*REQUIREMENT*
In the entries below, find the line with "define N :: int" and the line with "using arg_cong[OF \<open>c". Print those two and everything between them exactly, and nothing else.

*GIVEN DATA*
(* Let $n\ge 1$ and $k\ge 1$ be natural numbers and let $$\phi_k \;=\; \Box \bigvee_{i=1}^k \Big(p_i\wedge \bigwedge_{j\neq i} \neg p_j\Big) \;\to\; \lozenge \bigvee_{i=1}^k (p_i\wedge \lozenge p_i).$$ Then $\phi_k$ is valid in the frame $(\mathbb{R}^n,R_{=1})$ if and only if $k<\chi(S^n)$.
   Context: Modal formulas are built from propositional variables using $\bot$, $\to$ and one unary modality $\lozenge$, with $\Box=\neg\lozenge\neg$. In the frame $(\mathbb{R}^n,R_{=1})$, $xR_{=1}y$ iff $\|x-y\|=1$ (Euclidean norm); $x\models\lozenge\varphi$ iff some $y$ with $xR_{=1}y$ satisfies $\varphi$; a formula is valid if it is true at every point under every valuation (assignment of subsets of $\mathbb{R}^n$ to variables). $S^n$ denotes the unit sphere $\{x\in\mathbb{R}^n:\|x\|=1\}$ of $\mathbb{R}^n$, regarded as a graph in which two points are adjacent iff their distance is exactly $1$, and $\chi(S^n)$ is its chromatic number (which is finite). *)

theory Defs
  imports "HOL-Analysis.Analysis"
begin

datatype fm = Var nat | Bot | Imp fm fm | Dia fm

definition Neg :: "fm \<Rightarrow> fm" where "Neg a = Imp a Bot"
definition Top :: fm where "Top = Neg Bot"
definition Box :: "fm \<Rightarrow> fm" where "Box a = Neg (Dia (Neg a))"
definition Or :: "fm \<Rightarrow> fm \<Rightarrow> fm" where "Or a b = Imp (Neg a) b"
definition And :: "fm \<Rightarrow> fm \<Rightarrow> fm" where "And a b = Neg (Imp a (Neg b))"

definition Disj :: "fm list \<Rightarrow> fm" where "Disj xs = foldr Or xs Bot"
definition Conj :: "fm list \<Rightarrow> fm" where "Conj xs = foldr And xs Top"

definition R1 :: "'a::euclidean_space \<Rightarrow> 'a \<Rightarrow> bool" where
  "R1 x y \<longleftrightarrow> norm (x - y) = 1"

fun sem :: "(nat \<Rightarrow> 'a::euclidean_space set) \<Rightarrow> 'a \<Rightarrow> fm \<Rightarrow> bool" where
  "sem V x (Var p) = (x \<in> V p)"
| "sem V x Bot = False"
| "sem V x (Imp a b) = (sem V x a \<longrightarrow> sem V x b)"
| "sem V x (Dia a) = (\<exists>y. R1 x y \<and> sem V y a)"

definition valid_R1 :: "'a::euclidean_space itself \<Rightarrow> fm \<Rightarrow> bool" where
  "valid_R1 _ f \<longleftrightarrow> (\<forall>(V :: nat \<Rightarrow> 'a set) x. sem V x f)"

definition phi :: "nat \<Rightarrow> fm" where
  "phi k = Imp
     (Box (Disj (map (\<lambda>i. And (Var i) (Conj (map (\<lambda>j. Neg (Var j)) (filter (\<lambda>j. j \<noteq> i) [1..<k+1]))))
                     [1..<k+1])))
     (Dia (Disj (map (\<lambda>i. And (Var i) (Dia (Var i))) [1..<k+1])))"

definition colorable :: "'a set \<Rightarrow> ('a \<Rightarrow> 'a \<Rightarrow> bool) \<Rightarrow> nat \<Rightarrow> bool" where
  "colorable S E m \<longleftrightarrow>
     (\<exists>c. (\<forall>x\<in>S. c x < m) \<and> (\<forall>x\<in>S. \<forall>y\<in>S. E x y \<longrightarrow> c x \<noteq> c y))"

definition chromatic_number :: "'a set \<Rightarrow> ('a \<Rightarrow> 'a \<Rightarrow> bool) \<Rightarrow> nat" where
  "chromatic_number S E = (LEAST m. colorable S E m)"

end

theory Submission
  imports Defs
begin

text \<open>
  A valuation refuting \<open>phi k\<close> at a point x gives every point of the unit sphere around x
  exactly one of the labels 1, ..., k, and no two points of that sphere at distance 1 share a
  label: it is a k-colouring of the unit-distance graph on the sphere, translated to x.
  Conversely, a k-colouring of the sphere read as a valuation refutes \<open>phi k\<close> at the centre.
  So \<open>phi k\<close> is valid iff the sphere is not k-colourable, i.e. iff k is below its chromatic
  number. That number exists because space is finitely colourable: colour a cubical grid of
  mesh 1/n periodically with period n + 1 in each coordinate.
\<close>

lemma sem_Neg [simp]: "sem V x (Neg a) \<longleftrightarrow> \<not> sem V x a"
  by (simp add: Neg_def)

lemma sem_Box [simp]: "sem V x (Box a) \<longleftrightarrow> (\<forall>y. R1 x y \<longrightarrow> sem V y a)"
  by (simp add: Box_def)

lemma sem_And [simp]: "sem V x (And a b) \<longleftrightarrow> sem V x a \<and> sem V x b"
  by (simp add: And_def)

lemma sem_Disj [simp]: "sem V x (Disj fs) \<longleftrightarrow> (\<exists>f\<in>set fs. sem V x f)"
  by (induction fs) (auto simp: Disj_def Or_def)

lemma sem_Conj [simp]: "sem V x (Conj fs) \<longleftrightarrow> (\<forall>f\<in>set fs. sem V x f)"
  by (induction fs) (auto simp: Conj_def Top_def)

lemma sem_phi:
  "sem V x (phi k) \<longleftrightarrow>
    (\<forall>y. R1 x y \<longrightarrow> (\<exists>!i. i \<in> {1..k} \<and> y \<in> V i)) \<longrightarrow>
    (\<exists>y z i. R1 x y \<and> R1 y z \<and> i \<in> {1..k} \<and> y \<in> V i \<and> z \<in> V i)"
proof -
  have indices: "set [1..<k+1] = {1..k}"
    by auto
  have box: "sem V y (Disj (map (\<lambda>i. And (Var i) (Conj (map (\<lambda>j. Neg (Var j))
          (filter (\<lambda>j. j \<noteq> i) [1..<k+1])))) [1..<k+1]))
        \<longleftrightarrow> (\<exists>!i. i \<in> {1..k} \<and> y \<in> V i)" for y
    by (simp only: sem_Disj sem_Conj sem_And sem_Neg sem.simps set_map set_filter indices
        bex_simps ball_simps) blast
  have dia: "sem V y (Disj (map (\<lambda>i. And (Var i) (Dia (Var i))) [1..<k+1]))
        \<longleftrightarrow> (\<exists>z i. R1 y z \<and> i \<in> {1..k} \<and> y \<in> V i \<and> z \<in> V i)" for y
    by (simp only: sem_Disj sem_And sem.simps set_map indices bex_simps) blast
  show ?thesis
    unfolding phi_def sem.simps(3,4) sem_Box box dia by auto
qed

lemma sphere_colorable_if_not_sem_phi:
  fixes x :: "'a::euclidean_space"
  assumes "\<not> sem V x (phi k)"
  shows "colorable (sphere (0::'a) 1) (\<lambda>y z. dist y z = 1) k"
proof -
  have refuted: "(\<forall>y. R1 x y \<longrightarrow> (\<exists>!i. i \<in> {1..k} \<and> y \<in> V i)) \<and>
      \<not> (\<exists>y z i. R1 x y \<and> R1 y z \<and> i \<in> {1..k} \<and> y \<in> V i \<and> z \<in> V i)"
    using assms unfolding sem_phi not_imp .
  define c where "c y = (THE i. i \<in> {1..k} \<and> x + y \<in> V i) - 1" for y
  have c: "c y < k \<and> x + y \<in> V (c y + 1)" if "y \<in> sphere 0 1" for y
  proof -
    define i where "i = (THE i. i \<in> {1..k} \<and> x + y \<in> V i)"
    have "R1 x (x + y)"
      using that by (simp add: R1_def)
    then have "i \<in> {1..k} \<and> x + y \<in> V i"
      unfolding i_def by (rule theI'[OF conjunct1[OF refuted, rule_format]])
    moreover have "c y = i - 1"
      by (simp add: c_def i_def)
    ultimately show ?thesis
      by auto
  qed
  show ?thesis
    unfolding colorable_def
  proof (intro exI[of _ c] conjI ballI impI notI)
    show "c y < k" if "y \<in> sphere 0 1" for y
      using c[OF that] ..
    show False if "y \<in> sphere 0 1" "z \<in> sphere 0 1" "dist y z = 1" "c y = c z" for y z
    proof -
      have "R1 x (x + y)" "R1 (x + y) (x + z)"
        using that(1,3) by (simp_all add: R1_def dist_norm)
      moreover have "c y + 1 \<in> {1..k}" "x + y \<in> V (c y + 1)" "x + z \<in> V (c y + 1)"
        using c[OF that(1)] c[OF that(2)] that(4) by auto
      ultimately show False
        using conjunct2[OF refuted] by blast
    qed
  qed
qed

lemma not_sem_phi_if_sphere_colorable:
  assumes "colorable (sphere (0::'a::euclidean_space) 1) (\<lambda>y z. dist y z = 1) k"
  shows "\<exists>V. \<not> sem V (0::'a) (phi k)"
proof -
  obtain c :: "'a \<Rightarrow> nat" where c_less: "\<And>y. y \<in> sphere 0 1 \<Longrightarrow> c y < k"
    and c_proper: "\<And>y z. y \<in> sphere 0 1 \<Longrightarrow> z \<in> sphere 0 1 \<Longrightarrow> dist y z = 1 \<Longrightarrow> c y \<noteq> c z"
    using assms unfolding colorable_def by blast
  define V where "V i = {y \<in> sphere 0 1. c y + 1 = i}" for i
  have "\<exists>!i. i \<in> {1..k} \<and> y \<in> V i" if "R1 0 y" for y
    using that c_less[of y] by (auto simp: R1_def V_def)
  moreover have "\<not> (R1 0 y \<and> R1 y z \<and> y \<in> V i \<and> z \<in> V i)" for y z i
    using c_proper[of y z] by (auto simp: R1_def V_def dist_norm)
  ultimately have "\<not> sem V 0 (phi k)"
    unfolding sem_phi by blast
  then show ?thesis
    by (rule exI[of _ V])
qed

lemma valid_phi_iff_sphere_not_colorable:
  "valid_R1 TYPE('a::euclidean_space) (phi k) \<longleftrightarrow>
    \<not> colorable (sphere (0::'a) 1) (\<lambda>y z. dist y z = 1) k"
proof
  assume "valid_R1 TYPE('a) (phi k)"
  then show "\<not> colorable (sphere (0::'a) 1) (\<lambda>y z. dist y z = 1) k"
    unfolding valid_R1_def using not_sem_phi_if_sphere_colorable by blast
next
  assume "\<not> colorable (sphere (0::'a) 1) (\<lambda>y z. dist y z = 1) k"
  then show "valid_R1 TYPE('a) (phi k)"
    unfolding valid_R1_def using sphere_colorable_if_not_sem_phi by blast
qed

lemma colorable_mono:
  assumes "colorable S E m" and "m \<le> m'"
  shows "colorable S E m'"
proof -
  obtain c where "\<forall>x\<in>S. c x < m" and "\<forall>x\<in>S. \<forall>y\<in>S. E x y \<longrightarrow> c x \<noteq> c y"
    using assms(1) unfolding colorable_def by blast
  then show ?thesis
    unfolding colorable_def using assms(2) by (auto intro!: exI[of _ c])
qed

lemma less_chromatic_number_iff:
  assumes "colorable S E m"
  shows "k < chromatic_number S E \<longleftrightarrow> \<not> colorable S E k"
proof
  assume "k < chromatic_number S E"
  then show "\<not> colorable S E k"
    unfolding chromatic_number_def by (rule not_less_Least)
next
  assume "\<not> colorable S E k"
  moreover have "colorable S E (chromatic_number S E)"
    unfolding chromatic_number_def using assms by (rule LeastI)
  ultimately show "k < chromatic_number S E"
    using colorable_mono by (meson not_less)
qed

lemma colorable_cardI:
  assumes "finite F"
    and "\<And>x. x \<in> S \<Longrightarrow> c x \<in> F"
    and "\<And>x y. x \<in> S \<Longrightarrow> y \<in> S \<Longrightarrow> E x y \<Longrightarrow> c x \<noteq> c y"
  shows "colorable S E (card F)"
proof -
  obtain h where h: "bij_betw h F {0..<card F}"
    using ex_bij_betw_finite_nat[OF assms(1)] by blast
  show ?thesis
    unfolding colorable_def
  proof (intro exI[of _ "h \<circ> c"] conjI ballI impI)
    show "(h \<circ> c) x < card F" if "x \<in> S" for x
      using h assms(2)[OF that] by (auto simp: bij_betw_def)
    show "(h \<circ> c) x \<noteq> (h \<circ> c) y" if "x \<in> S" "y \<in> S" "E x y" for x y
      using h assms(2)[OF that(1)] assms(2)[OF that(2)] assms(3)[OF that]
      by (auto simp: bij_betw_def inj_on_def)
  qed
qed

lemma floor_divide_mod_eq_cases:
  fixes a b s :: real and N :: int
  assumes "s > 0" and "\<lfloor>a / s\<rfloor> mod N = \<lfloor>b / s\<rfloor> mod N"
  shows "\<bar>a - b\<bar> < s \<or> (N - 1) * s < \<bar>a - b\<bar>"
proof -
  have scaled: "\<bar>a / s - b / s\<bar> = \<bar>a - b\<bar> / s"
    using assms(1) by (simp add: diff_divide_distrib[symmetric])
  have floors: "\<lfloor>a / s\<rfloor> \<le> a / s" "a / s < \<lfloor>a / s\<rfloor> + 1"
    "\<lfloor>b / s\<rfloor> \<le> b / s" "b / s < \<lfloor>b / s\<rfloor> + 1"
    by linarith+
  show ?thesis
  proof (cases "\<lfloor>a / s\<rfloor> = \<lfloor>b / s\<rfloor>")
    case True
    then have "\<bar>a - b\<bar> / s < 1"
      using floors unfolding scaled[symmetric] by linarith
    then show ?thesis
      using assms(1) by (simp add: divide_less_eq)
  next
    case False
    have "N dvd \<lfloor>a / s\<rfloor> - \<lfloor>b / s\<rfloor>"
      using assms(2) by (simp add: mod_eq_dvd_iff)
    then have "\<bar>N\<bar> \<le> \<bar>\<lfloor>a / s\<rfloor> - \<lfloor>b / s\<rfloor>\<bar>"
      using False by (simp add: dvd_imp_le_int)
    then have "real_of_int N - 1 < \<bar>a - b\<bar> / s"
      using floors unfolding scaled[symmetric] by linarith
    then show ?thesis
      using assms(1) by (simp add: less_divide_eq)
  qed
qed

lemma unit_distance_colorable:
  fixes S :: "'a::euclidean_space set"
  shows "colorable S (\<lambda>x y. dist x y = 1) ((DIM('a) + 1) ^ DIM('a))"
proof -
  define n where "n = DIM('a)"
  define s :: real where "s = 1 / n"
  define N :: int where "N = int (n + 1)"
  define F where "F = (\<Pi>\<^sub>E b\<in>(Basis::'a set). {0..<N})"
  define c where "c x = (\<lambda>b\<in>Basis. \<lfloor>(x \<bullet> b) / s\<rfloor> mod N)" for x :: 'a
  have "n > 0"
    by (simp add: n_def)
  then have "s > 0" and "N > 0" and period: "(N - 1) * s = 1"
    by (simp_all add: s_def N_def)
  have "c x \<noteq> c y" if "dist x y = 1" for x y
  proof
    assume "c x = c y"
    have coordinate_small: "\<bar>(x - y) \<bullet> b\<bar> < s" if "b \<in> Basis" for b
    proof -
      have same_residue: "\<lfloor>(x \<bullet> b) / s\<rfloor> mod N = \<lfloor>(y \<bullet> b) / s\<rfloor> mod N"
        using arg_cong[OF \<open>c x = c y\<close>, of "\<lambda>f. f b"] that by (simp add: c_def)
      have "\<bar>x \<bullet> b - y \<bullet> b\<bar> < s \<or> 1 < \<bar>x \<bullet> b - y \<bullet> b\<bar>"
        using floor_divide_mod_eq_cases[OF \<open>s > 0\<close> same_residue] by (simp only: period)
      moreover have "\<bar>(x - y) \<bullet> b\<bar> \<le> 1"
        using Basis_le_norm[OF that, of "x - y"] \<open>dist x y = 1\<close> by (simp add: dist_norm)
      ultimately show ?thesis
        by (simp add: inner_diff_left)
    qed
    have "norm (x - y) \<le> (\<Sum>b\<in>Basis. \<bar>(x - y) \<bullet> b\<bar>)"
      by (rule norm_le_l1)
    also have "\<dots> < (\<Sum>b\<in>(Basis::'a set). s)"
      using coordinate_small by (intro sum_strict_mono) auto
    also have "\<dots> = 1"
      using \<open>n > 0\<close> by (simp add: s_def n_def)
    finally show False
      using \<open>dist x y = 1\<close> by (simp add: dist_norm)
  qed
  moreover have "finite F" and "c x \<in> F" for x
    using \<open>N > 0\<close> by (auto simp: F_def c_def finite_PiE)
  ultimately have "colorable S (\<lambda>x y. dist x y = 1) (card F)"
    by (intro colorable_cardI[where c = c]) auto
  moreover have "card F = (DIM('a) + 1) ^ DIM('a)"
    by (simp add: F_def card_PiE N_def n_def nat_add_distrib)
  ultimately show ?thesis
    by simp
qed

theorem proposition3p13:
  fixes k :: nat
  assumes "k \<ge> 1"
  shows "valid_R1 TYPE(real^'n) (phi k) \<longleftrightarrow>
         k < chromatic_number (sphere (0::real^'n) 1) (\<lambda>x y. dist x y = 1)"
proof -
  have "colorable (sphere (0::real^'n) 1) (\<lambda>x y. dist x y = 1) ((DIM(real^'n) + 1) ^ DIM(real^'n))"
    by (rule unit_distance_colorable)
  then show ?thesis
    by (simp add: valid_phi_iff_sphere_not_colorable less_chromatic_number_iff)
qed

end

*ANSWER SECTION*
  define N :: int where "N = int (n + 1)"
  define F where "F = (\<Pi>\<^sub>E b\<in>(Basis::'a set). {0..<N})"
  define c where "c x = (\<lambda>b\<in>Basis. \<lfloor>(x \<bullet> b) / s\<rfloor> mod N)" for x :: 'a
  have "n > 0"
    by (simp add: n_def)
  then have "s > 0" and "N > 0" and period: "(N - 1) * s = 1"
    by (simp_all add: s_def N_def)
  have "c x \<noteq> c y" if "dist x y = 1" for x y
  proof
    assume "c x = c y"
    have coordinate_small: "\<bar>(x - y) \<bullet> b\<bar> < s" if "b \<in> Basis" for b
    proof -
      have same_residue: "\<lfloor>(x \<bullet> b) / s\<rfloor> mod N = \<lfloor>(y \<bullet> b) / s\<rfloor> mod N"
        using arg_cong[OF \<open>c x = c y\<close>, of "\<lambda>f. f b"] that by (simp add: c_def)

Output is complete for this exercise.